A few directions to explore:
- Multi‑agent Compose: Define multiple agent services in your Compose file, each with a different role (researcher, summarizer, critic), and coordinate them through a message bus or orchestrator.
- GPU offload: Use Docker Offload or GPU‑enabled model runner images to accelerate larger models without changing your agent code.
- Production orchestration: Deploy the same containers to Kubernetes or Swarm, using Horizontal Pod Autoscalers or Swarm scaling to handle variable traffic.

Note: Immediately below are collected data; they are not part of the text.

(* Let $(\mathcal H,\mathfrak A_0)$ be a Hilbert quasi *-algebra satisfying condition (P), and assume that $\mathcal H^+_{wb}:=\{\xi\in\mathcal H_b:\langle\xi x,x\rangle\ge0\ \forall x\in\mathfrak A_0\}\subseteq\mathcal H^+$. Then $\mathcal H^+=\mathcal H^+_w$.
   Context: A Hilbert algebra is a *-algebra $\mathfrak A_0$ with an inner product $\langle\cdot,\cdot\rangle$ such that (i) for each $x$, $y\mapsto xy$ is continuous for the inner product norm; (ii) $\langle xy,z\rangle=\langle y,x^*z\rangle$ for all $x,y,z$; (iii) $\langle x,y\rangle=\langle y^*,x^*\rangle$ for all $x,y$; (iv) the linear span of $\{xy:x,y\in\mathfrak A_0\}$ is dense in $\mathfrak A_0$. Let $\mathcal H$ be the Hilbert space completion of $\mathfrak A_0$; the involution extends isometrically to $\mathcal H$, and the products $\xi x$, $x\xi$ for $\xi\in\mathcal H$, $x\in\mathfrak A_0$ are defined by continuity. It is assumed that (A): if $\xi\in\mathcal H$ and $\xi x=0$ for all $x\in\mathfrak A_0$ then $\xi=0$. With these operations $(\mathcal H,\mathfrak A_0)$ is called a Hilbert quasi *-algebra. $\xi\in\mathcal H$ is bounded if $x\mapsto\xi x$ is bounded on $\mathfrak A_0$; $\mathcal H_b$ is the set of bounded elements. $\mathfrak A_0^+=\{\sum_{k=1}^n x_k^*x_k: x_k\in\mathfrak A_0,n\in\mathbb N\}$, $\mathcal H^+$ is its norm closure in $\mathcal H$, and $\mathcal H^+_w=\{\xi\in\mathcal H:\langle\xi x,x\rangle\ge0\ \forall x\in\mathfrak A_0\}$. A linear functional $\omega$ on $\mathcal H$ is representable if (L.1) $\omega(x^*x)\ge0$ for all $x\in\mathfrak A_0$; (L.2) $\omega(y^*\xi^*x)=\overline{\omega(x^*\xi y)}$ for all $x,y\in\mathfrak A_0$, $\xi\in\mathcal H$; (L.3) for every $\xi\in\mathcal H$ there is $\gamma_\xi>0$ with $|\omega(\xi^*x)|\le\gamma_\xi\,\omega(x^*x)^{1/2}$ for all $x\in\mathfrak A_0$; $\mathcal R_c(\mathcal H,\mathfrak A_0)$ is the set of continuous representable functionals. Condition (P): if $\xi\in\mathcal H$ and $\omega(x^*\xi x)\ge0$ for every $\omega\in\mathcal R_c(\mathcal H,\mathfrak A_0)$ and every $x\in\mathfrak A_0$, then $\xi\in\mathcal H^+$. *)

theory Defs
  imports Complex_Main
begin

text \<open>A Hilbert quasi *-algebra (H, A0) is modelled on a type 'h (the Hilbert space H,
  whose additive group structure is the type class structure) together with
  a complex scalar multiplication smul, an inner product ip (linear in the first
  argument), an involution star on H, a multiplication mul (only meaningful when at least
  one argument is in A0), and the subset A0 of 'h.\<close>

definition hnorm :: "('h \<Rightarrow> 'h \<Rightarrow> complex) \<Rightarrow> 'h \<Rightarrow> real" where
  "hnorm ip x = sqrt (Re (ip x x))"

definition cnonneg :: "complex \<Rightarrow> bool" where
  "cnonneg z \<longleftrightarrow> Im z = 0 \<and> 0 \<le> Re z"

definition clinear_map ::
  "(complex \<Rightarrow> 'h::ab_group_add \<Rightarrow> 'h) \<Rightarrow> ('h \<Rightarrow> 'h) \<Rightarrow> bool" where
  "clinear_map smul f \<longleftrightarrow>
     (\<forall>x y. f (x + y) = f x + f y) \<and> (\<forall>c x. f (smul c x) = smul c (f x))"

definition hbounded_map ::
  "('h \<Rightarrow> 'h \<Rightarrow> complex) \<Rightarrow> ('h \<Rightarrow> 'h) \<Rightarrow> bool" where
  "hbounded_map ip f \<longleftrightarrow> (\<exists>C. \<forall>x. hnorm ip (f x) \<le> C * hnorm ip x)"

definition hilbert_quasi_star_algebra ::
  "(complex \<Rightarrow> 'h::ab_group_add \<Rightarrow> 'h) \<Rightarrow> ('h \<Rightarrow> 'h \<Rightarrow> complex) \<Rightarrow> ('h \<Rightarrow> 'h)
   \<Rightarrow> ('h \<Rightarrow> 'h \<Rightarrow> 'h) \<Rightarrow> 'h set \<Rightarrow> bool" where
  "hilbert_quasi_star_algebra smul ip star mul A0 \<longleftrightarrow>
     \<comment> \<open>complex vector space\<close>
     (\<forall>c x y. smul c (x + y) = smul c x + smul c y) \<and>
     (\<forall>c d x. smul (c + d) x = smul c x + smul d x) \<and>
     (\<forall>c d x. smul (c * d) x = smul c (smul d x)) \<and>
     (\<forall>x. smul 1 x = x) \<and>
     \<comment> \<open>inner product, linear in the first argument\<close>
     (\<forall>x y z. ip (x + y) z = ip x z + ip y z) \<and>
     (\<forall>c x y. ip (smul c x) y = c * ip x y) \<and>
     (\<forall>x y. ip y x = cnj (ip x y)) \<and>
     (\<forall>x. 0 \<le> Re (ip x x)) \<and>
     (\<forall>x. ip x x = 0 \<longrightarrow> x = 0) \<and>
     \<comment> \<open>completeness (H is a Hilbert space)\<close>
     (\<forall>X :: nat \<Rightarrow> 'h. (\<forall>e>0. \<exists>N. \<forall>m\<ge>N. \<forall>n\<ge>N. hnorm ip (X m - X n) < e) \<longrightarrow>
        (\<exists>L. \<forall>e>0. \<exists>N. \<forall>n\<ge>N. hnorm ip (X n - L) < e)) \<and>
     \<comment> \<open>A0 is a dense complex subspace closed under product and involution\<close>
     0 \<in> A0 \<and>
     (\<forall>x\<in>A0. \<forall>y\<in>A0. x + y \<in> A0) \<and>
     (\<forall>c. \<forall>x\<in>A0. smul c x \<in> A0) \<and>
     (\<forall>x\<in>A0. \<forall>y\<in>A0. mul x y \<in> A0) \<and>
     (\<forall>x\<in>A0. star x \<in> A0) \<and>
     (\<forall>\<xi> e. e > 0 \<longrightarrow> (\<exists>x\<in>A0. hnorm ip (\<xi> - x) < e)) \<and>
     \<comment> \<open>*-algebra structure on A0 (bilinearity comes from the linearity below)\<close>
     (\<forall>x\<in>A0. \<forall>y\<in>A0. \<forall>z\<in>A0. mul (mul x y) z = mul x (mul y z)) \<and>
     (\<forall>x\<in>A0. \<forall>y\<in>A0. star (mul x y) = mul (star y) (star x)) \<and>
     \<comment> \<open>the involution on H: antilinear, involutive, isometric (hence the continuous
        extension of the involution of A0)\<close>
     (\<forall>\<xi> \<eta>. star (\<xi> + \<eta>) = star \<xi> + star \<eta>) \<and>
     (\<forall>c \<xi>. star (smul c \<xi>) = smul (cnj c) (star \<xi>)) \<and>
     (\<forall>\<xi>. star (star \<xi>) = \<xi>) \<and>
     (\<forall>\<xi>. hnorm ip (star \<xi>) = hnorm ip \<xi>) \<and>
     \<comment> \<open>products \<xi>x and x\<xi> (x in A0): linear and continuous in \<xi>, extending the product
        of A0; this includes Hilbert algebra axiom (i)\<close>
     (\<forall>x\<in>A0. clinear_map smul (\<lambda>\<xi>. mul \<xi> x) \<and> hbounded_map ip (\<lambda>\<xi>. mul \<xi> x)) \<and>
     (\<forall>x\<in>A0. clinear_map smul (\<lambda>\<xi>. mul x \<xi>) \<and> hbounded_map ip (\<lambda>\<xi>. mul x \<xi>)) \<and>
     \<comment> \<open>Hilbert algebra axioms (ii), (iii), (iv)\<close>
     (\<forall>x\<in>A0. \<forall>y\<in>A0. \<forall>z\<in>A0. ip (mul x y) z = ip y (mul (star x) z)) \<and>
     (\<forall>x\<in>A0. \<forall>y\<in>A0. ip x y = ip (star y) (star x)) \<and>
     (\<forall>z\<in>A0. \<forall>e>0. \<exists>ps :: (complex \<times> 'h \<times> 'h) list.
        (\<forall>(c, x, y) \<in> set ps. x \<in> A0 \<and> y \<in> A0) \<and>
        hnorm ip (z - sum_list (map (\<lambda>(c, x, y). smul c (mul x y)) ps)) < e) \<and>
     \<comment> \<open>condition (A)\<close>
     (\<forall>\<xi>. (\<forall>x\<in>A0. mul \<xi> x = 0) \<longrightarrow> \<xi> = 0)"

definition bounded_elems ::
  "('h \<Rightarrow> 'h \<Rightarrow> complex) \<Rightarrow> ('h \<Rightarrow> 'h \<Rightarrow> 'h) \<Rightarrow> 'h set \<Rightarrow> 'h set" where
  "bounded_elems ip mul A0 = {\<xi>. \<exists>C. \<forall>x\<in>A0. hnorm ip (mul \<xi> x) \<le> C * hnorm ip x}"
(* Let $\mathcal{N}_{A'B'\to AB}$ be a bipartite quantum channel, $n\in\mathbb{N}$, and consider a protocol producing the state $$\omega_{M_AM_B}=\mathcal{P}^{(n+1)}\circ\mathcal{N}\circ\mathcal{P}^{(n)}\circ\cdots\circ\mathcal{P}^{(2)}\circ\mathcal{N}\circ\mathcal{P}^{(1)},$$ where $\mathcal{P}^{(1)}$ prepares a PPT state $\rho^{(1)}_{L_{A_1}A_1'B_1'L_{B_1}}$, each $\mathcal{P}^{(i)}_{L_{A_{i-1}}A_{i-1}B_{i-1}L_{B_{i-1}}\to L_{A_i}A_i'B_i'L_{B_i}}$ ($2\le i\le n$) and the final $\mathcal{P}^{(n+1)}_{L_{A_n}A_nB_nL_{B_n}\to M_AM_B}$ are completely PPT-preserving channels, and the $i$-th use of $\mathcal{N}$ acts as $\mathcal{N}_{A_i'B_i'\to A_iB_i}$ on the indicated systems. Then $$R_{\max}(M_A;M_B)_\omega\le n\,R_{\max}(\mathcal{N}).$$
   Context: Alice holds all systems labelled $A$, $L_A$, $M_A$; Bob those labelled $B$, $L_B$, $M_B$. $T_X$ is partial transpose. A bipartite channel is completely PPT-preserving if conjugating it with partial transposes on Bob's input and output systems gives a completely positive map; a state is PPT if its partial transpose on Bob's systems is positive semidefinite. $D_{\max}(\rho\|\sigma)=\inf\{\lambda:\rho\le2^\lambda\sigma\}$. Max-Rains relative entropy of a state: $R_{\max}(C;D)_\sigma=\inf\{D_{\max}(\sigma_{CD}\|\tau_{CD}):\tau_{CD}\ge0,\ \|T_D(\tau_{CD})\|_1\le1\}$. For a bipartite map $\mathcal{M}_{A'B'\to AB}$, $E_N(\mathcal{M})=\log\|T_B\circ\mathcal{M}\circ T_{B'}\|_\diamond$ (diamond norm $\sup_\psi\|(\mathrm{id}\otimes\mathcal{P})(\psi)\|_1$ over pure states); for CP maps $D_{\max}(\mathcal{E}\|\mathcal{F})=\sup_{\psi}D_{\max}(\mathcal{E}(\psi)\|\mathcal{F}(\psi))$ over pure states with reference isomorphic to the input; the max-Rains information of a bipartite channel is $R_{\max}(\mathcal{N})=\inf_{\mathcal{M}\text{ CP}:E_N(\mathcal{M})\le0}D_{\max}(\mathcal{N}\|\mathcal{M})$. *)

theory Defs
  imports "Jordan_Normal_Form.Matrix" "HOL-Library.Extended_Real"
begin

text \<open>A composite system
  with tensor factors of dimensions d1, d2 has dimension d1*d2, index (i,j) being i*d2+j
  (Kronecker convention).  A bipartite operator with Alice dimension a and Bob dimension b
  is a matrix of dimension a*b.\<close>

definition mtrace :: "complex mat \<Rightarrow> complex" where
  "mtrace M = (\<Sum>i<dim_row M. M $$ (i,i))"

definition psd :: "nat \<Rightarrow> complex mat \<Rightarrow> bool" where
  "psd d M \<longleftrightarrow> M \<in> carrier_mat d d \<and>
     (\<forall>v \<in> carrier_vec d. Im ((\<Sum>i<d. cnj (v $ i) * (M *\<^sub>v v) $ i)) = 0
                          \<and> Re ((\<Sum>i<d. cnj (v $ i) * (M *\<^sub>v v) $ i)) \<ge> 0)"

definition adj :: "complex mat \<Rightarrow> complex mat" where
  "adj M = mat (dim_col M) (dim_row M) (\<lambda>(i,j). cnj (M $$ (j,i)))"

definition unitary_mat :: "nat \<Rightarrow> complex mat \<Rightarrow> bool" where
  "unitary_mat d U \<longleftrightarrow> U \<in> carrier_mat d d \<and> U * adj U = 1\<^sub>m d \<and> adj U * U = 1\<^sub>m d"

text \<open>Trace norm via its variational characterisation  max over unitaries |tr(U M)|.\<close>
definition trace_norm :: "nat \<Rightarrow> complex mat \<Rightarrow> real" where
  "trace_norm d M = Sup {cmod (mtrace (U * M)) | U. unitary_mat d U}"

definition pure_state :: "nat \<Rightarrow> complex mat \<Rightarrow> bool" where
  "pure_state d \<psi> \<longleftrightarrow> (\<exists>v \<in> carrier_vec d. (\<Sum>i<d. (cmod (v $ i))\<^sup>2) = 1 \<and>
      \<psi> = mat d d (\<lambda>(i,j). v $ i * cnj (v $ j)))"

text \<open>Partial transpose on the second (Bob's) factor, Alice dimension a, Bob dimension b.\<close>
definition ptB :: "nat \<Rightarrow> nat \<Rightarrow> complex mat \<Rightarrow> complex mat" where
  "ptB a b M = mat (a*b) (a*b)
     (\<lambda>(p,q). M $$ ((p div b) * b + q mod b, (q div b) * b + p mod b))"

text \<open>id_k \<otimes> \<Phi> (reference system of dimension k on the left), \<Phi> : d1 \<rightarrow> d2.\<close>
definition lift_left :: "nat \<Rightarrow> nat \<Rightarrow> nat \<Rightarrow> (complex mat \<Rightarrow> complex mat) \<Rightarrow> complex mat \<Rightarrow> complex mat" where
  "lift_left k d1 d2 \<Phi> X = mat (k*d2) (k*d2)
     (\<lambda>(p,q). \<Phi> (mat d1 d1 (\<lambda>(i,j). X $$ ((p div d2) * d1 + i, (q div d2) * d1 + j)))
                $$ (p mod d2, q mod d2))"

text \<open>\<Phi> \<otimes> id_k (identity on a k-dimensional system on the right), \<Phi> : d1 \<rightarrow> d2.\<close>
definition lift_right :: "nat \<Rightarrow> nat \<Rightarrow> nat \<Rightarrow> (complex mat \<Rightarrow> complex mat) \<Rightarrow> complex mat \<Rightarrow> complex mat" where
  "lift_right d1 d2 k \<Phi> X = mat (d2*k) (d2*k)
     (\<lambda>(p,q). \<Phi> (mat d1 d1 (\<lambda>(i,j). X $$ (i * k + p mod k, j * k + q mod k)))
                $$ (p div k, q div k))"

definition linear_map :: "nat \<Rightarrow> nat \<Rightarrow> (complex mat \<Rightarrow> complex mat) \<Rightarrow> bool" where
  "linear_map d1 d2 \<Phi> \<longleftrightarrow>
     (\<forall>X \<in> carrier_mat d1 d1. \<Phi> X \<in> carrier_mat d2 d2) \<and>
     (\<forall>X \<in> carrier_mat d1 d1. \<forall>Y \<in> carrier_mat d1 d1. \<Phi> (X + Y) = \<Phi> X + \<Phi> Y) \<and>
     (\<forall>X \<in> carrier_mat d1 d1. \<forall>c. \<Phi> (c \<cdot>\<^sub>m X) = c \<cdot>\<^sub>m \<Phi> X)"

definition completely_positive :: "nat \<Rightarrow> nat \<Rightarrow> (complex mat \<Rightarrow> complex mat) \<Rightarrow> bool" where
  "completely_positive d1 d2 \<Phi> \<longleftrightarrow>
     (\<forall>k X. psd (k*d1) X \<longrightarrow> psd (k*d2) (lift_left k d1 d2 \<Phi> X))"

definition CP_map :: "nat \<Rightarrow> nat \<Rightarrow> (complex mat \<Rightarrow> complex mat) \<Rightarrow> bool" where
  "CP_map d1 d2 \<Phi> \<longleftrightarrow> linear_map d1 d2 \<Phi> \<and> completely_positive d1 d2 \<Phi>"

definition quantum_channel :: "nat \<Rightarrow> nat \<Rightarrow> (complex mat \<Rightarrow> complex mat) \<Rightarrow> bool" where
  "quantum_channel d1 d2 \<Phi> \<longleftrightarrow> CP_map d1 d2 \<Phi> \<and>
     (\<forall>X \<in> carrier_mat d1 d1. mtrace (\<Phi> X) = mtrace X)"

definition density :: "nat \<Rightarrow> complex mat \<Rightarrow> bool" where
  "density d \<rho> \<longleftrightarrow> psd d \<rho> \<and> mtrace \<rho> = 1"

definition PPT_state :: "nat \<Rightarrow> nat \<Rightarrow> complex mat \<Rightarrow> bool" where
  "PPT_state a b \<rho> \<longleftrightarrow> density (a*b) \<rho> \<and> psd (a*b) (ptB a b \<rho>)"

definition pt_conj :: "nat \<Rightarrow> nat \<Rightarrow> nat \<Rightarrow> nat \<Rightarrow> (complex mat \<Rightarrow> complex mat) \<Rightarrow> complex mat \<Rightarrow> complex mat" where
  "pt_conj a1 b1 a2 b2 \<Phi> X = ptB a2 b2 (\<Phi> (ptB a1 b1 X))"

definition completely_PPT_preserving :: "nat \<Rightarrow> nat \<Rightarrow> nat \<Rightarrow> nat \<Rightarrow> (complex mat \<Rightarrow> complex mat) \<Rightarrow> bool" where
  "completely_PPT_preserving a1 b1 a2 b2 \<Phi> \<longleftrightarrow>
     completely_positive (a1*b1) (a2*b2) (pt_conj a1 b1 a2 b2 \<Phi>)"

definition PPT_channel :: "nat \<Rightarrow> nat \<Rightarrow> nat \<Rightarrow> nat \<Rightarrow> (complex mat \<Rightarrow> complex mat) \<Rightarrow> bool" where
  "PPT_channel a1 b1 a2 b2 \<Phi> \<longleftrightarrow>
     quantum_channel (a1*b1) (a2*b2) \<Phi> \<and> completely_PPT_preserving a1 b1 a2 b2 \<Phi>"

text \<open>Loewner order and max-relative entropy (extended reals; inf of empty set = +\<infinity>).\<close>
definition loewner_le :: "nat \<Rightarrow> complex mat \<Rightarrow> complex mat \<Rightarrow> bool" where
  "loewner_le d X Y \<longleftrightarrow> psd d (Y - X)"

definition Dmax :: "nat \<Rightarrow> complex mat \<Rightarrow> complex mat \<Rightarrow> ereal" where
  "Dmax d \<rho> \<sigma> = Inf {ereal l | l. loewner_le d \<rho> (complex_of_real (2 powr l) \<cdot>\<^sub>m \<sigma>)}"

definition Rmax_state :: "nat \<Rightarrow> nat \<Rightarrow> complex mat \<Rightarrow> ereal" where
  "Rmax_state c e \<sigma> = Inf {Dmax (c*e) \<sigma> \<tau> | \<tau>. psd (c*e) \<tau> \<and> trace_norm (c*e) (ptB c e \<tau>) \<le> 1}"

definition diamond_norm :: "nat \<Rightarrow> nat \<Rightarrow> (complex mat \<Rightarrow> complex mat) \<Rightarrow> ereal" where
  "diamond_norm d1 d2 \<Phi> = Sup {ereal (trace_norm (d1*d2) (lift_left d1 d1 d2 \<Phi> \<psi>)) | \<psi>. pure_state (d1*d1) \<psi>}"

Recent Docker blogs and webinars on agentic AI highlight these patterns and provide sample Compose files you can clone and adapt.
Where to go next
To deepen this starter app and align more closely with Docker’s official patterns, useful next steps include:
- Studying Docker’s “GenAI vs. Agentic AI” and “Docker for AI” resources to understand how Model Runner, Compose extensions, and Offload are meant to fit together in a production‑grade stack.
- Exploring more complete examples such as local agents with Ollama, LangChain, and MCP that already use Docker Compose to glue agents, tools, and frontends together.
- Watching Docker’s “Build Your First Agentic App with Docker” webinar for an end‑to‑end demo and architecture walkthrough that looks very similar to what you built here.
By combining a local model runner, an MCP tool server, and an agent runtime into a single Docker Compose stack, you have a solid, reproducible foundation for your first agentic AI application — and a clear path from laptop experimentation to trusted, team‑ready workflows.